Ten temat jest archiwizowany i nie można dodawać nowych odpowiedzi.

tibbar

Jak poradzić sobie z zauroczeniem

Polecane posty

Historia dość długa, więc streszczę pomijając parę szczegółów. Po zamknięciu szkół w marcu zauroczyłem się w koleżance z klasy (technikum). Bałem się do niej napisać, nie wiedziałem jak ona na to zareaguje, więc nie zrobiłem nic żeby się do niej zbliżyć. Po wróceniu do szkół we wrześniu szukałem okazji żeby do niej zagadać, ale tej okazji nigdy nie znalazłem.

Trzy dni temu przeczytałem na FB że od sierpnia ma chłopaka i tu się zaczął koszmar - pierwszej nocy w ogóle nie spałem, straciłem apetyt, moje samopoczucie nigdy nie było tak niskie. Oczywiście żałuje że nic nie zdziałałem i chętnie cofnąłbym się w czasie żeby to naprawić. Przez te kilka miesięcy wyobrażałem sobie jak wspólnie spędzamy czas, przytulamy się, oglądamy film, chodzimy na spacery. Od momentu w którym dowiedziałem się o jej chłopaku nie mogę pogodzić się z myślą że spędza teraz czas z kimś innym. 

Nie wiem jak się pozbyć tych myśli, dołują mnie przez cały dzień. Kiedy przypomnę sobie jak zmarnowałem szansę na napisanie do niej, jak minęły moje ostatnie miesiące i ile scenariuszy w których jesteśmy razem powstało w mojej głowie, ledwo co powstrzymuje się od płaczu. Jestem tym zmęczony i naprawdę chciałbym żeby to już się skończyło, ale nie wiem jak to skończyć.

Udostępnij ten post


Link to postu
Udostępnij na innych stronach
6 minut temu, tibbar napisał:

ale nie wiem jak to skończyć.

W Twoim wieku i przy tak abstrakcyjnie platonicznym zauroczeniu wystarczy inna dziewczyna, którą poznasz żebyś zapomniał o tamtej.

Udostępnij ten post


Link to postu
Udostępnij na innych stronach
1 minutę temu, Nemetiisto napisał:

W Twoim wieku i przy tak abstrakcyjnie platonicznym zauroczeniu wystarczy inna dziewczyna, którą poznasz żebyś zapomniał o tamtej.

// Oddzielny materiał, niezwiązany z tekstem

(* Let $\beta>0$, $\kappa>0$, $\gamma=\beta/(\nu+2)$, $\nu\in(-1,1)$, and fix $\eta_{0,\infty}>0$ with $\frac{\beta(\nu+1)}{2(\nu+2)}<\eta_{0,\infty}^{\nu+3}<\beta$. For $s>0$ let $\eta_\infty(s)=s^{-2/(\nu+3)}\eta_{0,\infty}$ and let $(w_s,\eta_s)$ be the soliton-like traveling wave with speed $s$ and background $\eta_\infty(s)$, normalized so that $w_s(z)=s^{\frac{\nu+1}{\nu+3}}w_0(z)$, $\eta_s(z)=s^{-\frac{2}{\nu+3}}\eta_0(z)$, where $(w_0,\eta_0)$ is the soliton-like solution of $w_0-\eta_0^{-(\nu+2)}+\eta_{0,\infty}^{-(\nu+2)}=0$, $(\gamma-\kappa\partial_z^2)w_0+\eta_0-\eta_{0,\infty}=0$ with $w_0\to0$, $\eta_0\to\eta_{0,\infty}$ at $\pm\infty$. Then the momentum $I(s)=\int_{-\infty}^{\infty}w_s(z)\,[\eta_s(z)-\eta_\infty(s)]\,dz$ satisfies $$\frac{dI}{ds}=s^{-4/(\nu+3)}\,\frac{\nu-1}{\nu+3}\int_{-\infty}^{\infty}w_0(z)[\eta_0(z)-\eta_{0,\infty}]\,dz>0.$$
   Context: A soliton-like traveling wave with speed $s$ and background $\eta_\infty>0$ is a non-constant smooth pair $(w_s,\eta_s)$ with $\eta_s>0$ satisfying $s w_s+\eta_\infty^{-(\nu+2)}-\eta_s^{-(\nu+2)}=0$, $(\gamma-\kappa\partial_z^2)w_s+s(\eta_s-\eta_\infty)=0$, $w_s\to0$, $\eta_s\to\eta_\infty$ as $|z|\to\infty$, with $\eta_s>\eta_\infty$ (homoclinic loop to the right of the saddle $(\eta_\infty,0)$ of the phase plane $(\eta_s,\eta_s')$). *)

theory Defs
  imports "HOL-Analysis.Analysis"
begin

definition smooth_fun :: "(real \<Rightarrow> real) \<Rightarrow> bool" where
  "smooth_fun f \<longleftrightarrow> (\<forall>n z. (deriv ^^ n) f differentiable (at z))"

text \<open>Soliton-like traveling wave with speed s and background eta_inf (parameters kappa, gamma, nu):
  non-constant smooth pair (w, eta), eta > 0, satisfying the two ODE relations, decaying to
  (0, eta_inf) at both infinities, with eta > eta_inf (homoclinic loop right of the saddle).\<close>
definition soliton_tw ::
  "real \<Rightarrow> real \<Rightarrow> real \<Rightarrow> real \<Rightarrow> real \<Rightarrow> (real \<Rightarrow> real) \<Rightarrow> (real \<Rightarrow> real) \<Rightarrow> bool" where
  "soliton_tw \<kappa> \<gamma> \<nu> s \<eta>inf w \<eta> \<longleftrightarrow>
     smooth_fun w \<and> smooth_fun \<eta> \<and>
     \<not> ((\<exists>c. \<forall>z. w z = c) \<and> (\<exists>c. \<forall>z. \<eta> z = c)) \<and>
     (\<forall>z. \<eta> z > 0) \<and>
     (\<forall>z. s * w z + \<eta>inf powr (-(\<nu>+2)) - \<eta> z powr (-(\<nu>+2)) = 0) \<and>
     (\<forall>z. \<gamma> * w z - \<kappa> * deriv (deriv w) z + s * (\<eta> z - \<eta>inf) = 0) \<and>
     (w \<longlongrightarrow> 0) at_top \<and> (w \<longlongrightarrow> 0) at_bot \<and>
     (\<eta> \<longlongrightarrow> \<eta>inf) at_top \<and> (\<eta> \<longlongrightarrow> \<eta>inf) at_bot \<and>
     (\<forall>z. \<eta> z > \<eta>inf)"

end

theory Submission
  imports Defs
begin

text \<open>
  The scaling \<open>(w, \<eta>) \<mapsto> (s powr ((\<nu>+1)/(\<nu>+3)) * w, s powr (-2/(\<nu>+3)) * \<eta>)\<close> turns a
  unit-speed soliton into one of speed \<open>s\<close>, so \<open>I s = s powr ((\<nu>-1)/(\<nu>+3)) * I 1\<close> and the
  derivative formula is immediate. Its sign comes from \<open>I 1 < 0\<close>: the first profile equation
  and \<open>\<eta>0 > \<eta>0inf\<close> force \<open>w0 < 0\<close>. The real work is the integrability of
  \<open>w0 * (\<eta>0 - \<eta>0inf)\<close>. Combining both profile equations with the mean value theorem gives
  \<open>(\<nu>+2) * \<kappa> * (- w0'') \<ge> (\<beta> - \<eta>0 powr (\<nu>+3)) * (- w0)\<close>, and \<open>\<eta>0inf powr (\<nu>+3) < \<beta>\<close>,
  so on both tails the integrand is dominated by a multiple of \<open>- w0''\<close>. The integral of the
  latter over a tail is bounded by the derivative of the convex, decaying function \<open>- w0\<close> at
  the start of the tail.
\<close>

lemma convex_tail_deriv_nonpos:
  fixes v v' v'' :: "real \<Rightarrow> real"
  assumes v': "\<And>z. a \<le> z \<Longrightarrow> (v has_real_derivative v' z) (at z)"
    and v'': "\<And>z. a \<le> z \<Longrightarrow> (v' has_real_derivative v'' z) (at z)"
    and convex: "\<And>z. a \<le> z \<Longrightarrow> v'' z \<ge> 0"
    and lim: "(v \<longlongrightarrow> 0) at_top" and "a \<le> b"
  shows "v' b \<le> 0"
proof (rule ccontr)
  assume "\<not> v' b \<le> 0"
  hence pos: "v' b > 0" by simp
  have v'_mono: "v' b \<le> v' z" if "b \<le> z" for z
    by (rule DERIV_nonneg_imp_nondecreasing[OF that]) (use v'' convex \<open>a \<le> b\<close> in \<open>meson order_trans\<close>)
  have tangent_below: "(v b - v' b * b) + v' b * z \<le> v z" if "b \<le> z" for z
  proof -
    have "v b - v' b * b \<le> v z - v' b * z"
    proof (rule DERIV_nonneg_imp_nondecreasing[OF that, of "\<lambda>x. v x - v' b * x"])
      fix x assume "b \<le> x" "x \<le> z"
      thus "\<exists>y. ((\<lambda>x. v x - v' b * x) has_real_derivative y) (at x) \<and> y \<ge> 0"
        using \<open>a \<le> b\<close> by (intro exI[of _ "v' x - v' b"]) (auto intro!: derivative_eq_intros v' v'_mono)
    qed
    thus ?thesis by simp
  qed
  have "filterlim (\<lambda>z. (v b - v' b * b) + v' b * z) at_top at_top"
    by (rule filterlim_tendsto_add_at_top[OF tendsto_const
          filterlim_tendsto_pos_mult_at_top[OF tendsto_const pos filterlim_ident]])
  hence "filterlim v at_top at_top"
    by (rule filterlim_at_top_mono) (use tangent_below in \<open>auto simp: eventually_at_top_linorder\<close>)
  thus False
    by (intro not_tendsto_and_filterlim_at_infinity[OF trivial_limit_at_top_linorder lim]
          filterlim_at_top_imp_at_infinity)
qed

lemma integral_tail_le_minus_deriv:
  fixes g v v' v'' :: "real \<Rightarrow> real"
  assumes v': "\<And>z. a \<le> z \<Longrightarrow> (v has_real_derivative v' z) (at z)"
    and v'': "\<And>z. a \<le> z \<Longrightarrow> (v' has_real_derivative v'' z) (at z)"
    and g_nonneg: "\<And>z. a \<le> z \<Longrightarrow> 0 \<le> g z" and g_le: "\<And>z. a \<le> z \<Longrightarrow> g z \<le> v'' z"
    and g_int: "g integrable_on {a..k}" and lim: "(v \<longlongrightarrow> 0) at_top" and "a \<le> k"
  shows "integral {a..k} g \<le> - v' a"
proof -
  have "(v'' has_integral v' k - v' a) {a..k}"
    using \<open>a \<le> k\<close> v''
    by (intro fundamental_theorem_of_calculus)
       (auto simp: has_real_derivative_iff_has_vector_derivative intro: has_vector_derivative_at_within)
  hence "integral {a..k} g \<le> v' k - v' a"
    by (rule has_integral_le[OF integrable_integral[OF g_int]]) (use g_le in auto)
  moreover have "v' k \<le> 0"
  proof (rule convex_tail_deriv_nonpos[OF v' v'' _ lim \<open>a \<le> k\<close>])
    fix z assume "a \<le> z"
    show "0 \<le> v'' z" using g_nonneg[OF \<open>a \<le> z\<close>] g_le[OF \<open>a \<le> z\<close>] by linarith
  qed
  ultimately show ?thesis by simp
qed

lemma nonneg_integrable_on_UNIV_if_bounded:
  fixes g :: "real \<Rightarrow> real"
  assumes g_int: "\<And>x y. g integrable_on {x..y}" and g_nonneg: "\<And>z. 0 \<le> g z"
    and bound: "\<And>k. integral {-k..k} g \<le> B"
  shows "g integrable_on UNIV"
proof -
  define f where "f = (\<lambda>k::nat. \<lambda>x. if x \<in> {-real k..real k} then g x else 0)"
  have "g integrable_on UNIV \<and> ((\<lambda>k. integral UNIV (f k)) \<longlongrightarrow> integral UNIV g) sequentially"
  proof (rule monotone_convergence_increasing)
    show "f k integrable_on UNIV" for k
      unfolding f_def integrable_restrict_UNIV by (rule g_int)
    show "f k x \<le> f (Suc k) x" for k x
      unfolding f_def using g_nonneg[of x] by auto
    show "((\<lambda>k. f k x) \<longlongrightarrow> g x) sequentially" for x
    proof (rule tendsto_eventually)
      show "\<forall>\<^sub>F k in sequentially. f k x = g x"
        unfolding eventually_sequentially f_def by (intro exI[of _ "nat \<lceil>\<bar>x\<bar>\<rceil>"]) auto
    qed
    have "norm (integral {-real k..real k} g) \<le> B" for k
      using bound[of "real k"] integral_nonneg[OF g_int g_nonneg] by simp
    thus "bounded (range (\<lambda>k. integral UNIV (f k)))"
      unfolding bounded_iff f_def integral_restrict_UNIV by blast
  qed
  thus ?thesis by blast
qed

Niestety nie mam do tego "warunków". Można powiedzieć że niedawno pozbyłem się fobii społecznej, więc aktualnie czy chce czy nie, siedzę cały dzień w domu bo nie mam gdzie wyjść - a nową dziewczyną trudno znaleźć siedząc w pokoju. więc koleżanka z klasy była dla mnie jedynym wyjściem.

Udostępnij ten post


Link to postu
Udostępnij na innych stronach
4 godziny temu, Hiacynt🌺 napisał:

miałem podobnie. Jedyne co moge doradzic to probuj ja odbic abys nie zalowal. 

jak sobie wyobrażasz odbijanie dziewczyny z którą się nawet nie przyjaźnie?

Udostępnij ten post


Link to postu
Udostępnij na innych stronach
21 godzin temu, tibbar napisał:

[...] Oczywiście żałuje że nic nie zdziałałem i chętnie cofnąłbym się w czasie żeby to naprawić. [...]

Czasu nie cofniesz, ale jeśli wyciągniesz odpowiednie wnioski, nigdy już nie powtórzysz błędów. 

21 godzin temu, tibbar napisał:

Niestety nie mam do tego "warunków". Można powiedzieć że niedawno pozbyłem się fobii społecznej, więc aktualnie czy chce czy nie, siedzę cały dzień w domu bo nie mam gdzie wyjść - a nową dziewczyną trudno znaleźć siedząc w pokoju. wc koleżanka z klasy była dla mnie jedynym wyjściem.

Ograniczenia siedzą wyłącznie w Twojej głowie. Jeśli więc wmawiasz sobie, że ta jedna kobieta była Twoją jedyną opcją, sam siebie skazujesz na cierpienie. Pracuj nad sobą, samooceną i poczuciem wartości, staraj się wychodzić do ludzi, a na pewno pojawią się również inne interesujące kandydatki na partnerkę. 

21 godzin temu, tibbar napisał:

[...] Od momentu w którym dowiedziałem się o jej chłopaku nie mogę pogodzić się z myślą że spędza teraz czas z kimś innym. [...]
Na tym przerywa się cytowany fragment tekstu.